Он оделся и, всего шаг сделав в сторону, сразу же исчез. Глаша тоже стала одеваться. Как только она перестала его видеть, то сразу же почувствовала, что отовсюду наплывает на нее мрак, а от моря и гор веет холодом.
Но испугаться по-настоящему она не успела: Лазарь вернулся в самом деле очень скоро. И костер запылал у него под руками сразу, и над костром он сразу же подвесил на ладно составленных палках какую-то необыкновенную металлическую фляжку, которую тоже извлек из рюкзака…
Глаша следила за всем, что он делает, как завороженная.
Она с детства могла целые дни проводить в музеях, могла до бесконечности рассматривать художественные альбомы, которые удавалось достать во Пскове, и весь свой первый московский год тоже путешествовала по музеям, – в общем, она знала, каковы бывают явления красоты.
Но такого явления, каким были движения его рук, разворот его плеч, да вся цельность его существования, – такой красоты ей видеть не приходилось.
Она смотрела, как он заваривает во фляжке чай, и не только чувствовала, но твердо знала, что могла бы смотреть на это вечно.
– Ну вот, – сказал Лазарь. – Чай готов, и еда согрелась.
– Помнишь, как ты меня картошкой кормил возле Белого дома? – спросила Глаша.
– Конечно.
– Я тебя потом искала-искала, а найти не смогла.
Тогда, возле Белого дома, она проснулась на рассвете от того, что Лазарь осторожно поглаживал ее плечо. Глаша села на сдвинутых креслах, не понимая, где она, что с ней и почему она проснулась с таким отчетливым чувством счастья.
Прежде чем она успела все это понять, Лазарь сказал, что опасности теперь уже нет, а потому пусть она остается здесь, если хочет и дальше наблюдать ход истории, но ему срочно надо идти вон туда – он махнул рукой в сторону Белого дома, – потому что там… Объяснить, что там и зачем ему надо туда идти, он не успел: все мужчины, у которых были автоматы, куда-то двинулись вдруг и разом, и он двинулся вместе с ними, и Глаша мгновенно потеряла его из виду.

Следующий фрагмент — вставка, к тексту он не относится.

lemma distr_upper: "distr (thinning_seed p) (bernoulli_product p) upper = bernoulli_product p"
proof -
  have coin_fst: "distr (measure_pmf (thinning_coin p)) (measure_pmf (bernoulli_pmf p)) fst
      = measure_pmf (bernoulli_pmf p)"
  proof -
    have "distr (measure_pmf (thinning_coin p)) (measure_pmf (bernoulli_pmf p)) fst
        = distr (measure_pmf (thinning_coin p)) (count_space UNIV) fst"
      by (rule distr_cong) simp_all
    also have "\<dots> = measure_pmf (bernoulli_pmf p)"
      by (simp add: thinning_coin_def map_fst_pair_pmf flip: map_pmf_rep_eq)
    finally show ?thesis .
  qed
  have upper_eq: "upper = (\<lambda>z i. fst (z i))" by (simp add: upper_def fun_eq_iff)
  show ?thesis
    unfolding upper_eq
    using distr_PiM_componentwise[of "measure_pmf (thinning_coin p)" fst "measure_pmf (bernoulli_pmf p)"]
    by (simp add: thinning_seed_def bernoulli_product_def coin_fst prob_space_measure_pmf)
qed

locale thinning =
  fixes p :: real
  assumes half_less_p: "1/2 < p" and p_less_1: "p < 1"
begin

interpretation seed: prob_space "thinning_seed p" by (rule prob_space_thinning_seed)

lemma pmf_thinning_coin:
  "pmf (thinning_coin p) c = (if fst c then p else 1 - p) * (if snd c then (1 - p) / p else 1 - (1 - p) / p)"
proof -
  have "0 \<le> (1 - p) / p" "(1 - p) / p \<le> 1" using half_less_p p_less_1 by (auto simp: field_simps)
  then show ?thesis
    using half_less_p p_less_1 by (cases c) (simp add: thinning_coin_def pmf_pair)
qed

lemma measure_thinning_seed_independent:
  assumes Q: "Measurable.pred (thinning_seed p) Q" and Q_indep: "\<And>z c. Q (z(k := c)) = Q z"
  shows "measure (thinning_seed p) {z. Q z \<and> z k \<in> B}
       = measure (thinning_seed p) {z. Q z} * measure (thinning_coin p) B"
  using measure_PiM_coordinate_independent[of "\<lambda>_. measure_pmf (thinning_coin p)" Q k B] Q Q_indep
  by (simp add: thinning_seed_def space_PiM prob_space_measure_pmf)

lemma measure_thin_state_partition:
  assumes [measurable]: "Measurable.pred (thinning_seed p) Q"
  shows "measure (thinning_seed p) {z. Q z}
       = (\<Sum>s\<in>UNIV. measure (thinning_seed p) {z. Q z \<and> thin_state z i = s})"
proof -
  have "{z. Q z} = (\<Union>s. {z. Q z \<and> thin_state z i = s})" by auto
  also have "measure (thinning_seed p) \<dots> = (\<Sum>s\<in>UNIV. measure (thinning_seed p) {z. Q z \<and> thin_state z i = s})"
  proof (rule seed.finite_measure_finite_Union)
    have "{z\<in>space (thinning_seed p). Q z \<and> thin_state z i = s} \<in> sets (thinning_seed p)" for s
      by measurable
    then show "range (\<lambda>s. {z. Q z \<and> thin_state z i = s}) \<subseteq> sets (thinning_seed p)" by auto
  qed (auto simp: disjoint_family_on_def)
  finally show ?thesis .
qed

definition transition :: "bool \<times> bool \<Rightarrow> bool \<times> bool \<Rightarrow> real" where
  "transition s t = measure (thinning_coin p) {c. thin_step s c = t}"

lemma measure_thin_state_succ:
  assumes [measurable]: "Measurable.pred (thinning_seed p) Q"
    and Q_indep: "\<And>z c. Q (z(i + 1 := c)) = Q z"
  shows "measure (thinning_seed p) {z. Q z \<and> thin_state z (i + 1) = t}
       = (\<Sum>s\<in>UNIV. measure (thinning_seed p) {z. Q z \<and> thin_state z i = s} * transition s t)"
proof -
  have "measure (thinning_seed p) {z. Q z \<and> thin_state z (i + 1) = t}
      = (\<Sum>s\<in>UNIV. measure (thinning_seed p) {z. (Q z \<and> thin_state z i = s) \<and> z (i + 1) \<in> {c. thin_step s c = t}})"
    by (subst measure_thin_state_partition[where i = i])
      (auto simp: thin_state_succ intro!: sum.cong arg_cong[where f = "measure _"])
  also have "\<dots> = (\<Sum>s\<in>UNIV. measure (thinning_seed p) {z. Q z \<and> thin_state z i = s} * transition s t)"
    unfolding transition_def
    by (intro sum.cong refl measure_thinning_seed_independent) (auto simp: Q_indep thin_state_fun_upd)
  finally show ?thesis .
qed

lemma measure_upper: "measure (thinning_seed p) {z. upper z i} = p"
proof -
  have "measure (thinning_seed p) {z. upper z i} = measure (thinning_seed p) {z. True \<and> z i \<in> {c. fst c}}"
    by (simp add: upper_def)
  also have "\<dots> = measure (thinning_coin p) {c. fst c}"
    by (subst measure_thinning_seed_independent) (simp_all add: seed.prob_space[simplified])
  also have "\<dots> = p"
    using half_less_p by (simp add: measure_pmf_eq_sum_UNIV sum_UNIV_bool_pair pmf_thinning_coin field_simps)
  finally show ?thesis .
qed

lemma measure_thin_state_via_thin:
  "measure (thinning_seed p) {z. thin_state z i = t} =
    (if fst t then if snd t then measure (thinning_seed p) {z. thin z i}
                   else p - measure (thinning_seed p) {z. thin z i}
     else if snd t then 0 else 1 - p)"
proof -
  have [simp]: "{z. upper z i} \<in> sets (thinning_seed p)" "{z. thin z i} \<in> sets (thinning_seed p)"
    using measurable_sets[OF measurable_upper, of "{True}"] measurable_sets[OF measurable_thin, of "{True}"]
    by (simp_all add: vimage_def)
  obtain a b where t: "t = (a, b)" by fastforce
  show ?thesis
  proof (cases a; cases b)
    assume "a" "b"
    then have "{z. thin_state z i = t} = {z. thin z i}"
      unfolding t thin_state_def using thin_imp_upper by auto
    then show ?thesis using \<open>a\<close> \<open>b\<close> t by simp
  next
    assume "a" "\<not> b"
    then have "{z. thin_state z i = t} = {z. upper z i} - {z. thin z i}"
      unfolding t thin_state_def by auto
    moreover have "{z. thin z i} \<subseteq> {z. upper z i}" using thin_imp_upper by auto
    ultimately show ?thesis using \<open>a\<close> \<open>\<not> b\<close> t by (simp add: seed.finite_measure_Diff measure_upper)
  next
    assume "\<not> a" "b"
    then have "{z. thin_state z i = t} = {}"
      unfolding t thin_state_def using thin_imp_upper by auto
    then show ?thesis using \<open>\<not> a\<close> \<open>b\<close> t by simp
  next
    assume "\<not> a" "\<not> b"
    then have "{z. thin_state z i = t} = space (thinning_seed p) - {z. upper z i}"
      unfolding t thin_state_def using thin_imp_upper by auto
    then show ?thesis using \<open>\<not> a\<close> \<open>\<not> b\<close> t by (simp add: seed.prob_compl[simplified] measure_upper)
  qed
qed

lemma measure_thin_shift:
  "measure (thinning_seed p) {z. thin z (i + 1)} = measure (thinning_seed p) {z. thin z i}"
proof -
  have "{z. thin z i} \<in> sets (thinning_seed p)"
    using measurable_sets[OF measurable_thin, of "{True}"] by (simp add: vimage_def)
  moreover have "{z. thin z (i + 1)} = (\<lambda>z j. z (j + 1)) -` {z. thin z i} \<inter> space (thinning_seed p)"
    by (auto simp: thin_shift)
  ultimately show ?thesis
    using measure_distr[OF measurable_thinning_seed_shift, of "{z. thin z i}"]
    by (simp add: distr_thinning_seed_shift)
qed

definition stationary :: "bool \<times> bool \<Rightarrow> real" where
  "stationary s = (if fst s then if snd s then 1 - p else 2 * p - 1 else if snd s then 0 else 1 - p)"

lemma measure_thin: "measure (thinning_seed p) {z. thin z i} = 1 - p"
proof -
  define a where "a = measure (thinning_seed p) {z. thin z i}"
  have "{z. True \<and> thin_state z (i + 1) = (True, True)} = {z. thin z (i + 1)}"
    using thin_imp_upper by (auto simp: thin_state_def)
  then have "a = measure (thinning_seed p) {z. True \<and> thin_state z (i + 1) = (True, True)}"
    by (simp add: a_def measure_thin_shift)
  also have "\<dots> = (\<Sum>s\<in>UNIV. measure (thinning_seed p) {z. True \<and> thin_state z i = s} * transition s (True, True))"
    by (rule measure_thin_state_succ) simp_all
  also have "\<dots> = a * (1 - p) + (1 - p) * p"
    using half_less_p unfolding sum_UNIV_bool_pair
    by (simp add: measure_thin_state_via_thin flip: a_def)
      (simp add: transition_def measure_pmf_eq_sum_UNIV sum_UNIV_bool_pair pmf_thinning_coin
        thin_step_def field_simps)
  finally have "a * p = (1 - p) * p" by (simp add: algebra_simps)
  then show ?thesis using half_less_p by (simp add: a_def)
qed

lemma measure_thin_state: "measure (thinning_seed p) {z. thin_state z i = t} = stationary t"
  by (simp add: measure_thin_state_via_thin measure_thin stationary_def)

– Я на следующий день в Америку улетел, – сказал он. – Я ведь потому в Москву тогда и ехал, что гарвардская стипендия решиться должна была. Выяснил, что дали мне ее и что лететь можно хоть завтра, да тут вся эта передряга началась, ну и пришлось на некоторое время задержаться. Я тебя вспоминал, Глаша. – Голос его коротко дрогнул, но сразу же выправился снова. – Думал, за год забуду, но нет. Ну, давай ужинать.
Шашлык из осетрины разогрелся на мелких углях, получившихся из веток, и стал вкусен необыкновенно. Но Глаша почти не чувствовала его вкуса – она смотрела, как ест Лазарь, и так была от этого счастлива, будто не он согрел для нее еду, а, наоборот, она для него, а он будто бы поймал эту рыбу неводом, или чем там ловится рыба у самого синего моря…
«Я бы его не заставляла с глупостями к Золотой рыбке бегать, – подумала она. – Мне бы и корыта хватило. И корыта даже не надо. Только бы он был со мной».
Мысль была такая детская, что она смутилась и даже краской залилась; хорошо, что в темноте было не видно. Ей показалось, что Лазарь может догадаться, о чем она думает.
Но он в этот момент занят был тем, что свинчивал с фляжки крышку, охлаждал ее на камнях и наливал в нее чай для Глаши.
– Согреешься, но не обожжешься, – сказал он, прикоснувшись к чаю губами. – Пей.
И она стала пить чай, а он держал горячую металлическую чашку из крышки у ее губ, словно поил ребенка.
Потом выяснилось, что в рюкзаке у него есть также и одеяло, и они легли прямо на гальку, укрывшись этим одеялом, которое оказалось легким, но теплым необыкновенно, а может, дело было не в одеяле, а в горячем обхвате его рук, ну конечно, в этом – Глаша уместилась в этом обхвате вся, и в нем же уместился, ей казалось, весь мир. Во всяком случае, все, что было ей в этом мире необходимо.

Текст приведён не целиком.